Kate gli si avvicinò esitando, porgendogli il fermacravatte. Le loro dita si sfiorarono un attimo, e Jack si sentì invadere dal desiderio irrefrenabile di circondare con le braccia quel corpo così dolorosamente noto. I loro sguardi s’incontrarono e restarono avvinti per un istante, formando un asse intorno a cui il resto dell’universo roteò come le nuvole in un vortice di vento. Prima che lei si voltasse, a Jack parve di aver letto nei suoi occhi la compassione e il perdono a cui aveva tanto anelato in tutti quei nove anni.
Più tardi, alla finestra della stanza degli ospiti, Jack pensava: “Una settimana. È quanto mi sono proposto di aspettare. Dopo una settimana, potrò prendere il posto di John Breton senza che nessuno, all’infuori di Kate, possa accorgersene".

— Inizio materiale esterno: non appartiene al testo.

(* Consider the control problem described in the context, let $\mathbf u^0(\cdot)\in\mathfrak U$ be an optimal control, and assume the problem is regular for $\mathbf u^0$. For $k=1,\dots,N$ let $\boldsymbol\theta_k$ be the solution of $$\tfrac{d}{dt}\boldsymbol\theta_k=-A^{\top}(t)\boldsymbol\theta_k,\qquad \boldsymbol\theta_k(1)=\nabla h_k\big(\mathbf z^{(k)}_{u^0}\big),$$ and set $\boldsymbol\theta(t)=\sum_{k=1}^N\chi_k(t)\boldsymbol\theta_k(t)$, where $\chi_k$ is the indicator function of $[t_{k-1},t_k)$. Then for almost all $t\in[0,1]$ $$\langle\boldsymbol\theta(t),B(t)\mathbf u^0(t)\rangle=\max_{\mathbf v\in\mathbf V}\langle\boldsymbol\theta(t),B(t)\mathbf v\rangle .$$
   Context: Let $(\Omega,\mathfrak F,\mathbf P)$ be a complete probability space, $\xi_1,\dots,\xi_N$ real random variables on it, and $0=t_0<t_1<\dots<t_N=1$. Define $\xi(t,\omega)=\xi_i(\omega)$ for $t\in[t_{i-1},t_i)$. Let $A(t)$, $B(t)$, $\mathbf f(t)$ be deterministic matrices of sizes $n\times n$, $n\times m$, $n\times1$ with Lebesgue-summable entries on $[0,1]$, entries of $B$ square-summable; $\mathbf x_0\in\mathbb R^n$ nonrandom; $\mathbf Q\subset\mathbb R^n$ a nonrandom Borel set. For a measurable deterministic control $\mathbf u(\cdot)\in L_2^m[0,1]$, $\mathbf x_u$ solves $\frac{d}{dt}\mathbf x=A(t)\mathbf x+\xi(t)B(t)\mathbf u(t)+\mathbf f(t)$, $\mathbf x(0)=\mathbf x_0$, and $\varphi(\mathbf u(\cdot))=\mathbf P(\mathbf x_u(1)\in\mathbf Q)$ is to be maximized over the set $\mathfrak U$ of admissible controls, i.e. measurable functions $[0,1]\to\mathbf V$ (in $L_2^m[0,1]$), $\mathbf V\subset\mathbb R^m$ fixed. Let $\Phi(t)$ be the fundamental matrix of $\dot{\mathbf x}=A(t)\mathbf x$ with $\Phi(0)=I$; put $\hat{\mathbf x}_0=\Phi(1)\big(\mathbf x_0+\int_0^1\Phi^{-1}(s)\mathbf f(s)ds\big)$ and $\mathbf z_u^{(i)}=\Phi(1)\int_{t_{i-1}}^{t_i}\Phi^{-1}(s)B(s)\mathbf u(s)\,ds$, so $\mathbf x_u(1)=\hat{\mathbf x}_0+\sum_i\xi_i\mathbf z_u^{(i)}$. For a control $\mathbf u^*$ and $k=1,\dots,N$ define $h_k:\mathbb R^n\to[0,1]$ by $h_k(\mathbf z)=\mathbf P\big(\hat{\mathbf x}_0+\sum_{i\neq k}\xi_i\mathbf z^{(i)}_{u^*}+\xi_k\mathbf z\in\mathbf Q\big)$. The problem is called regular for the control $\mathbf u^*$ if for every $k=1,\dots,N$ the function $h_k$ (built from $\mathbf u^*$) is (Fréchet) differentiable at the point $\mathbf z^{(k)}_{u^*}$; $\nabla h_k$ denotes its gradient. $A^\top$ is the transpose of $A$ and $\langle\cdot,\cdot\rangle$ the Euclidean inner product. *)

theory Defs
  imports "HOL-Probability.Probability"
begin
(* Let $\mu>\lambda$ and let $c=(c_1,c_2)$ be a positive unit vector ($\langle c\cdot c\rangle=1$). Then there is $\eta\in\mathbb C$ with $PCT\,f_{c\,\nu,\mathbf p}=\eta\,f_{c\,\nu,\mathbf p}$ for all $\mathbf p$ if and only if there exist $\theta_1,\theta_2\in\mathbb R$ such that $$c_1=\frac{e^{\frac12\pi\nu+i\theta_1}}{\sqrt{2\sinh\pi\nu}},\qquad c_2=\frac{e^{-\frac12\pi\nu+i\theta_2}}{\sqrt{2\sinh\pi\nu}},$$ and in that case $\eta=e^{-i(\theta_1+\theta_2+\frac32\pi)}$.
   Context: Fix $\omega>0$; work in the conformal chart $(t,\mathbf x)$, $t<0$, $\mathbf x\in\mathbb R^3$, of de Sitter spacetime. Let $\mu=m/\omega$ ($m$ the mass), $\lambda>0$ the coupling constant, $\mu>\lambda$, $\nu=\sqrt{\mu^2-\lambda^2}>0$. $J_a$ denotes the Bessel function of the first kind. For $\mathbf p\in\mathbb R^3$, $p=|\mathbf p|$, let $u_{\nu,\mathbf p}(t,\mathbf x)=\sqrt{\pi/\omega}\,(2\sinh\pi\nu)^{-1/2}(2\pi)^{-3/2}(-\omega t)^{3/2}J_{i\nu}(-pt)\,e^{i\mathbf x\cdot\mathbf p}$. On $\mathbb C^2$ use $\langle c\cdot c'\rangle=c_1^*c_1'-c_2^*c_2'$. For $c=(c_1,c_2)$ set $f_{c\,\nu,\mathbf p}=c_1u_{\nu,\mathbf p}+c_2u^*_{\nu,-\mathbf p}$. Operators: $(Pf)(t,\mathbf x)=f(t,-\mathbf x)$; $Cf=f^*$ (antilinear); $T$ replaces $t$ by $-t$ in the explicit formulas, where the multivalued factors are continued as $(-\omega(-t))^{3/2}=e^{\frac32 i\pi}(-\omega t)^{3/2}$ and $J_a(-s)=e^{i\pi a}J_a(s)$ for $s>0$ and any index $a$ (so $J_{\pm i\nu}(-s)=e^{\mp\pi\nu}J_{\pm i\nu}(s)$), term by term in linear combinations; $PCT=P\circ C\circ T$. *)

theory Defs
  imports "HOL-Analysis.Analysis"
begin

definition besselJ :: "complex \<Rightarrow> real \<Rightarrow> complex" where
  "besselJ a s = (\<Sum>k. (-1) ^ k * rGamma (of_nat k + a + 1) / fact k
                        * (complex_of_real (s / 2)) powr (2 * of_nat k + a))"

text \<open>nu = sqrt(mu^2 - lambda^2) with mu = m / omega.\<close>
definition dsNu :: "real \<Rightarrow> real \<Rightarrow> real \<Rightarrow> real" where
  "dsNu m omega lam = sqrt ((m / omega)^2 - lam^2)"

definition dsN :: "real \<Rightarrow> real \<Rightarrow> real" where
  "dsN omega nu = sqrt (pi / omega) * (2 * sinh (pi * nu)) powr (-1/2) * (2 * pi) powr (-3/2)"

text \<open>Explicit formula N (-omega t)^(3/2) J_a(-p t) e^(i x.p), with Bessel index a.
  u_{nu,p} is the case a = i nu; u*_{nu,-p} has explicit formula with a = -i nu
  (since conj J_{i nu}(s) = J_{-i nu}(s) for s > 0).\<close>
definition dsForm :: "real \<Rightarrow> real \<Rightarrow> complex \<Rightarrow> real^3 \<Rightarrow> real \<Rightarrow> real^3 \<Rightarrow> complex" where
  "dsForm omega nu a p t x =
     complex_of_real (dsN omega nu) * complex_of_real ((- omega * t) powr (3/2))
     * besselJ a (- norm p * t) * exp (\<i> * complex_of_real (inner x p))"

definition dsU :: "real \<Rightarrow> real \<Rightarrow> real^3 \<Rightarrow> real \<Rightarrow> real^3 \<Rightarrow> complex" where
  "dsU omega nu p t x = dsForm omega nu (\<i> * complex_of_real nu) p t x"

definition dsF :: "real \<Rightarrow> real \<Rightarrow> complex \<times> complex \<Rightarrow> real^3 \<Rightarrow> real \<Rightarrow> real^3 \<Rightarrow> complex" where
  "dsF omega nu c p t x = fst c * dsU omega nu p t x + snd c * cnj (dsU omega nu (- p) t x)"
(* Let $\lambda\in\mathbb C\setminus(\mathbb Z\setminus\{0\})$, with notation as in the context, and let $\Omega=2YX+\frac12H^2+H$ act on $\mathfrak{gl}(\lambda)$ via the adjoint action of $\mathfrak{sl}(2)\subset\mathfrak{gl}(\lambda)$. (i) $\Omega$ is self-adjoint with respect to $\langle u,v\rangle=\mathrm{tr}(uv)$, and for $k\in\mathbb Z_{\ge0}$, $l\in\mathbb Z$, $|l|\le k$, the element $e_{kl}=(\mathrm{ad}\,Y)^{k-l}(X^k)$ (equal to $X^lf_{kl}(H)$ for $l\ge0$) is an eigenvector of $\Omega$ with eigenvalue $2k(k+1)$. For $0\le l\le k$ the polynomials $f_{kl}$ satisfy $$T_0(H)\nabla\triangle(f)-(l+1)(H+l)\triangle(f)+(k-l)(k+l+1)f=0,$$ and $f_{kl}=\dfrac{\nabla^{k-l}(T_1\cdots T_k)}{T_1\cdots T_l}$ if $l>0$, $f_{k0}=\nabla^k(T_1\cdots T_k)$. (ii) For $0\le l\le k$, $\langle f_{kl},f_{kl}\rangle_l:=\mathrm{tr}\big(f_{kl}(H)^2T_1(H)\cdots T_l(H)\big)$ equals $\dfrac{(k-l)!}{(k+l)!}\dfrac{(k!)^2}{2k+1}\lambda(\lambda^2-1^2)\cdots(\lambda^2-k^2)$ if $\lambda\neq0$, and $(-1)^k\dfrac{(k-l)!}{(k+l)!}\dfrac{(k!)^4}{2k+1}$ if $\lambda=0$.
   Context: $\mathfrak{sl}(2)$ has basis $X,H,Y$ with $[X,Y]=H$, $[H,X]=2X$, $[H,Y]=-2Y$. $\mathfrak A_\lambda=U(\mathfrak{sl}(2))/I_\lambda$, $I_\lambda$ the two-sided ideal generated by $\Omega-\frac12(\lambda^2-1)$; in $\mathfrak A_\lambda$, $XY=\frac14(\lambda^2-(H-1)^2)$. $\mathfrak{gl}(\lambda)$ is $\mathfrak A_\lambda$ with bracket $[a,b]=ab-ba$; the subalgebra generated by $H$ is $\mathbb C[H]$, and for $l>0$ each element of $H$-weight $2l$ is uniquely $X^lf(H)$, $f\in\mathbb C[H]$. The trace $\mathrm{tr}$ is the linear functional with $\mathrm{tr}(ab)=\mathrm{tr}(ba)$, vanishing on elements of nonzero $H$-weight, with $\sum_{m\ge0}\mathrm{tr}(H^m)\frac{t^m}{m!}=\frac{e^{\lambda t}-e^{-\lambda t}}{e^t-e^{-t}}$ for $\lambda\ne0$ and $\frac{2t}{e^t-e^{-t}}$ for $\lambda=0$. For $0\le l\le k$, $f_{kl}\in\mathbb C[H]$ is defined by $(\mathrm{ad}\,Y)^{k-l}(X^k)=X^lf_{kl}(H)$. $T_i(H)=\frac14(\lambda^2-(H+2i-1)^2)$ for $i\ge0$, empty products $=1$; $\triangle f(H)=f(H+2)-f(H)$, $\nabla f(H)=f(H)-f(H-2)$. *)

theory Defs
  imports "HOL-Computational_Algebra.Polynomial" "HOL-Computational_Algebra.Formal_Power_Series"
begin

text \<open>Concrete model of the algebra A_lam = U(sl2)/I_lam.  An element is a finitely
supported function  a :: int => complex poly ; it stands for
  sum_{n>0} X^n (a n)(H) + (a 0)(H) + sum_{n<0} Y^(-n) (a n)(H).
Multiplication is determined by  f(H) X = X f(H+2),  f(H) Y = Y f(H-2),
X Y = T_0(H),  Y X = T_1(H)  (which encode [X,Y]=H, [H,X]=2X, [H,Y]=-2Y and
Omega = 1/2 (lam^2 - 1)).\<close>

definition shp :: "complex \<Rightarrow> complex poly \<Rightarrow> complex poly" where
  "shp c f = pcompose f [:c, 1:]"

definition Hpoly :: "complex poly" where
  "Hpoly = [:0, 1:]"

definition Tp :: "complex \<Rightarrow> int \<Rightarrow> complex poly" where
  "Tp lam i = smult (1/4) ([:lam^2:] - [:of_int (2*i - 1), 1:]^2)"

definition delta_op :: "complex poly \<Rightarrow> complex poly" where
  "delta_op f = shp 2 f - f"

definition nabla_op :: "complex poly \<Rightarrow> complex poly" where
  "nabla_op f = f - shp (-2) f"

text \<open>e_i(1) e_j(1) = e_{i+j}(wcoef lam i j), where e_n(f) = X^n f(H) (n >= 0),
 e_n(f) = Y^(-n) f(H) (n < 0).  Uses X^b Y^b = prod_{s<b} T_0(H-2s) = prod_{s<b} T_{-s}(H)
 and Y^b X^b = prod_{s<b} T_1(H+2s) = prod_{s<b} T_{s+1}(H).\<close>
definition wcoef :: "complex \<Rightarrow> int \<Rightarrow> int \<Rightarrow> complex poly" where
  "wcoef lam i j =
     (if i > 0 \<and> j < 0 then
        shp (2 * of_int (min 0 (i + j))) (\<Prod>s<nat (min i (-j)). Tp lam (- int s))
      else if i < 0 \<and> j > 0 then
        shp (2 * of_int (max 0 (i + j))) (\<Prod>s<nat (min (-i) j). Tp lam (int s + 1))
      else 1)"

type_synonym gl_elt = "int \<Rightarrow> complex poly"

definition gl_supp :: "gl_elt \<Rightarrow> int set" where
  "gl_supp a = {n. a n \<noteq> 0}"

definition gl_carrier :: "gl_elt set" where
  "gl_carrier = {a. finite (gl_supp a)}"

definition gl_zero :: gl_elt where
  "gl_zero = (\<lambda>n. 0)"

definition gl_add :: "gl_elt \<Rightarrow> gl_elt \<Rightarrow> gl_elt" where
  "gl_add a b = (\<lambda>n. a n + b n)"

definition gl_diff :: "gl_elt \<Rightarrow> gl_elt \<Rightarrow> gl_elt" where
  "gl_diff a b = (\<lambda>n. a n - b n)"

definition gl_scale :: "complex \<Rightarrow> gl_elt \<Rightarrow> gl_elt" where
  "gl_scale c a = (\<lambda>n. smult c (a n))"

definition gl_mono :: "int \<Rightarrow> complex poly \<Rightarrow> gl_elt" where
  "gl_mono n f = (\<lambda>m. if m = n then f else 0)"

Mentre stava per allontanarsi dalla finestra, il buio della notte fu solcato improvvisamente da una pioggia di frammenti luminosi di stelle cadenti.
Jack andò a letto e cercò di dormire, ma si ritrovò a guardare continuamente la finestra in attesa di un’altra pioggia di stelle, e con un senso di disagio nel cuore.
Infine si alzò, chiuse le tende, e si lasciò sprofondare nel caldo oceano nero del sonno.